As you look over the data below, please find each line where the word "mathbb" appears, then copy it.

○ ○ ○ ○ ○

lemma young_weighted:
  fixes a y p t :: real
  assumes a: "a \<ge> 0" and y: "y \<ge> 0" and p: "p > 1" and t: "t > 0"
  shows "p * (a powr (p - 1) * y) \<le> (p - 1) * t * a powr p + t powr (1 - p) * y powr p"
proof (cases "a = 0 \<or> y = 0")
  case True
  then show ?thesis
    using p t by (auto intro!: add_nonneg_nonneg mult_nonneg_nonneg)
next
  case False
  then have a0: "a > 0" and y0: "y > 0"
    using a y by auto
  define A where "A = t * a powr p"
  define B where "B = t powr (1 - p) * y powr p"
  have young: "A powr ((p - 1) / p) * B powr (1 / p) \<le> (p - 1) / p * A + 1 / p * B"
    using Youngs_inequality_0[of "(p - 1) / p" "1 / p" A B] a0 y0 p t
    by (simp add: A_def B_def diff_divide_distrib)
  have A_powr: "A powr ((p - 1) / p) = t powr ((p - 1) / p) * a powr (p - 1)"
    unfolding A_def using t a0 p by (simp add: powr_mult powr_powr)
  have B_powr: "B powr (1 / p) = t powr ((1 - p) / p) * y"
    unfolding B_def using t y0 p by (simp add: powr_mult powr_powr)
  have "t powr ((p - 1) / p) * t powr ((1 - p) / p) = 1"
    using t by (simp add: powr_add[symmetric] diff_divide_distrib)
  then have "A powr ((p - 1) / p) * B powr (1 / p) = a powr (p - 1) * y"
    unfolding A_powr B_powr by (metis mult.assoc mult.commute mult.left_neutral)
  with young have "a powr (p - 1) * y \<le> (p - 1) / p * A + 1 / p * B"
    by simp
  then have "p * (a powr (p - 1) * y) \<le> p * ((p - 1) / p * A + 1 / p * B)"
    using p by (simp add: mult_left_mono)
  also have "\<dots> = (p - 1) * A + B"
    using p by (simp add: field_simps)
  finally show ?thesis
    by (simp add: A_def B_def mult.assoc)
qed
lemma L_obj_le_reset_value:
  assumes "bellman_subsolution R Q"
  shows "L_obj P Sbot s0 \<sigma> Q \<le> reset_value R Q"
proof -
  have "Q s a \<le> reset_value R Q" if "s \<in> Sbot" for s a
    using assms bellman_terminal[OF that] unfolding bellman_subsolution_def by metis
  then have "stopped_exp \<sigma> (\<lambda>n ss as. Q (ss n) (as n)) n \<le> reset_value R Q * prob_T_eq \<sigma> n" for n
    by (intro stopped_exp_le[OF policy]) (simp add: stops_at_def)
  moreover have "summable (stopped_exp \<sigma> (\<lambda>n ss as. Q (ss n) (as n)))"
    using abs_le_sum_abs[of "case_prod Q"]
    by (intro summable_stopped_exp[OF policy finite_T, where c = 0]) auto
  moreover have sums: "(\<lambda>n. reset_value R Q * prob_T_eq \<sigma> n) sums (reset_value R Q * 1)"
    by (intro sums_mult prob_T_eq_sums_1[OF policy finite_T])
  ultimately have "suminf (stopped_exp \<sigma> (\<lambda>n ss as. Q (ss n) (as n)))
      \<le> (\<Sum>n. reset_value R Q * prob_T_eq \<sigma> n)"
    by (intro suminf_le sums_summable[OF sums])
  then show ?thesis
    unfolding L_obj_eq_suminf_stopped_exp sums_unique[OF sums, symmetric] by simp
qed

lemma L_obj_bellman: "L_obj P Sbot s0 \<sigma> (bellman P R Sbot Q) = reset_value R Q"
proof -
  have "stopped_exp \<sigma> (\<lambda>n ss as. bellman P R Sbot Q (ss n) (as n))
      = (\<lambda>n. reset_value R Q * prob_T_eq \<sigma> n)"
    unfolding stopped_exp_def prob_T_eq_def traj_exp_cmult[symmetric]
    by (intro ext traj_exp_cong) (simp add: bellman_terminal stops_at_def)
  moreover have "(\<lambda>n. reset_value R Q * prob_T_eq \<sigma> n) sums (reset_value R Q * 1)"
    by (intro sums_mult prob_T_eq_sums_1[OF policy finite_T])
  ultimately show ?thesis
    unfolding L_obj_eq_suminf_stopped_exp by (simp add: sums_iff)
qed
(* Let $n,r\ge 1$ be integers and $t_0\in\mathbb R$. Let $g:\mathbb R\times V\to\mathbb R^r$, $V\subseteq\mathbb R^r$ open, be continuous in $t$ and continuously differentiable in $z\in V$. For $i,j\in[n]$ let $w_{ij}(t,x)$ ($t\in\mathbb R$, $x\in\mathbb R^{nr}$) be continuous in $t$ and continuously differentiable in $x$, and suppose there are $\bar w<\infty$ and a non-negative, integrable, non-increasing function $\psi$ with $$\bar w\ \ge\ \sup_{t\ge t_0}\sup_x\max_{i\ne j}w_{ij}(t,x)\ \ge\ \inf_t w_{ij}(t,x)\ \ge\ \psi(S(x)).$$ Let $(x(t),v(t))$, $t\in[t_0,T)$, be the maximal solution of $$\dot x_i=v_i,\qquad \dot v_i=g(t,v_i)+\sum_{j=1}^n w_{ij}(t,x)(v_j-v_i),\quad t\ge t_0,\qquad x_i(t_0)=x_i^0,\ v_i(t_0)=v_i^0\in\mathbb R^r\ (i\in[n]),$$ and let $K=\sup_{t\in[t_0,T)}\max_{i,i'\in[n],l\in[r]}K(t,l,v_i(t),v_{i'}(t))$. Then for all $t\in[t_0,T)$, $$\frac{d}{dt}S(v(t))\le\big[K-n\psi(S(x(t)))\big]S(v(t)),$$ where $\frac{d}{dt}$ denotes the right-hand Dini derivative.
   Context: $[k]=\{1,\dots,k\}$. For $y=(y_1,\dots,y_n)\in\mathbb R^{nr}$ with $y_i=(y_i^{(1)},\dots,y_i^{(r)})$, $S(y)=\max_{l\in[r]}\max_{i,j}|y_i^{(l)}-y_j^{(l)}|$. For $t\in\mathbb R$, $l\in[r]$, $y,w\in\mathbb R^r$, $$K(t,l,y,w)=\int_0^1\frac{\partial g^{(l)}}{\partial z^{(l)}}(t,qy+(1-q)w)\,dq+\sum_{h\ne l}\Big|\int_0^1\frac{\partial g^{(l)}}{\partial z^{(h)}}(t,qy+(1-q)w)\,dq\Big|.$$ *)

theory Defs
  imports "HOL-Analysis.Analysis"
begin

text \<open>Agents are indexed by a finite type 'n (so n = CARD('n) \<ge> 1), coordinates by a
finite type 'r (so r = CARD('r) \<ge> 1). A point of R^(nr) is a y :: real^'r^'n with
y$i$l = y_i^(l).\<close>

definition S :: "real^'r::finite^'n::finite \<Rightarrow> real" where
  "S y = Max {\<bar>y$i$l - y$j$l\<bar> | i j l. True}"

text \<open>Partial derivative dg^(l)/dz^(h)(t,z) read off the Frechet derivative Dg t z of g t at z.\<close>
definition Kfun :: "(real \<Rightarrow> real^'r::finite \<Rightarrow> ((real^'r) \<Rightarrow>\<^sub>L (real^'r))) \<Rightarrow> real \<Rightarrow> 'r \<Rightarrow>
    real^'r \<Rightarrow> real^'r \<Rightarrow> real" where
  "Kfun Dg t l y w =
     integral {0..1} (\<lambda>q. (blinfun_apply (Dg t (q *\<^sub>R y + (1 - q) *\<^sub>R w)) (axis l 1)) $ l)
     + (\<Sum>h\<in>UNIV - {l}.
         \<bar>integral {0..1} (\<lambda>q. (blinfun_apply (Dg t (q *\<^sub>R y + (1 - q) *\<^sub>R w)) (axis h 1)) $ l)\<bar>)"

○ ○ ○ ○ ○

▶ [Reply]:
(* Let $n,r\ge 1$ be integers and $t_0\in\mathbb R$. Let $g:\mathbb R\times V\to\mathbb R^r$, $V\subseteq\mathbb R^r$ open, be continuous in $t$ and continuously differentiable in $z\in V$. For $i,j\in[n]$ let $w_{ij}(t,x)$ ($t\in\mathbb R$, $x\in\mathbb R^{nr}$) be continuous in $t$ and continuously differentiable in $x$, and suppose there are $\bar w<\infty$ and a non-negative, integrable, non-increasing function $\psi$ with $$\bar w\ \ge\ \sup_{t\ge t_0}\sup_x\max_{i\ne j}w_{ij}(t,x)\ \ge\ \inf_t w_{ij}(t,x)\ \ge\ \psi(S(x)).$$ Let $(x(t),v(t))$, $t\in[t_0,T)$, be the maximal solution of $$\dot x_i=v_i,\qquad \dot v_i=g(t,v_i)+\sum_{j=1}^n w_{ij}(t,x)(v_j-v_i),\quad t\ge t_0,\qquad x_i(t_0)=x_i^0,\ v_i(t_0)=v_i^0\in\mathbb R^r\ (i\in[n]),$$ and let $K=\sup_{t\in[t_0,T)}\max_{i,i'\in[n],l\in[r]}K(t,l,v_i(t),v_{i'}(t))$. Then for all $t\in[t_0,T)$, $$\frac{d}{dt}S(v(t))\le\big[K-n\psi(S(x(t)))\big]S(v(t)),$$ where $\frac{d}{dt}$ denotes the right-hand Dini derivative.
   Context: $[k]=\{1,\dots,k\}$. For $y=(y_1,\dots,y_n)\in\mathbb R^{nr}$ with $y_i=(y_i^{(1)},\dots,y_i^{(r)})$, $S(y)=\max_{l\in[r]}\max_{i,j}|y_i^{(l)}-y_j^{(l)}|$. For $t\in\mathbb R$, $l\in[r]$, $y,w\in\mathbb R^r$, $$K(t,l,y,w)=\int_0^1\frac{\partial g^{(l)}}{\partial z^{(l)}}(t,qy+(1-q)w)\,dq+\sum_{h\ne l}\Big|\int_0^1\frac{\partial g^{(l)}}{\partial z^{(h)}}(t,qy+(1-q)w)\,dq\Big|.$$ *)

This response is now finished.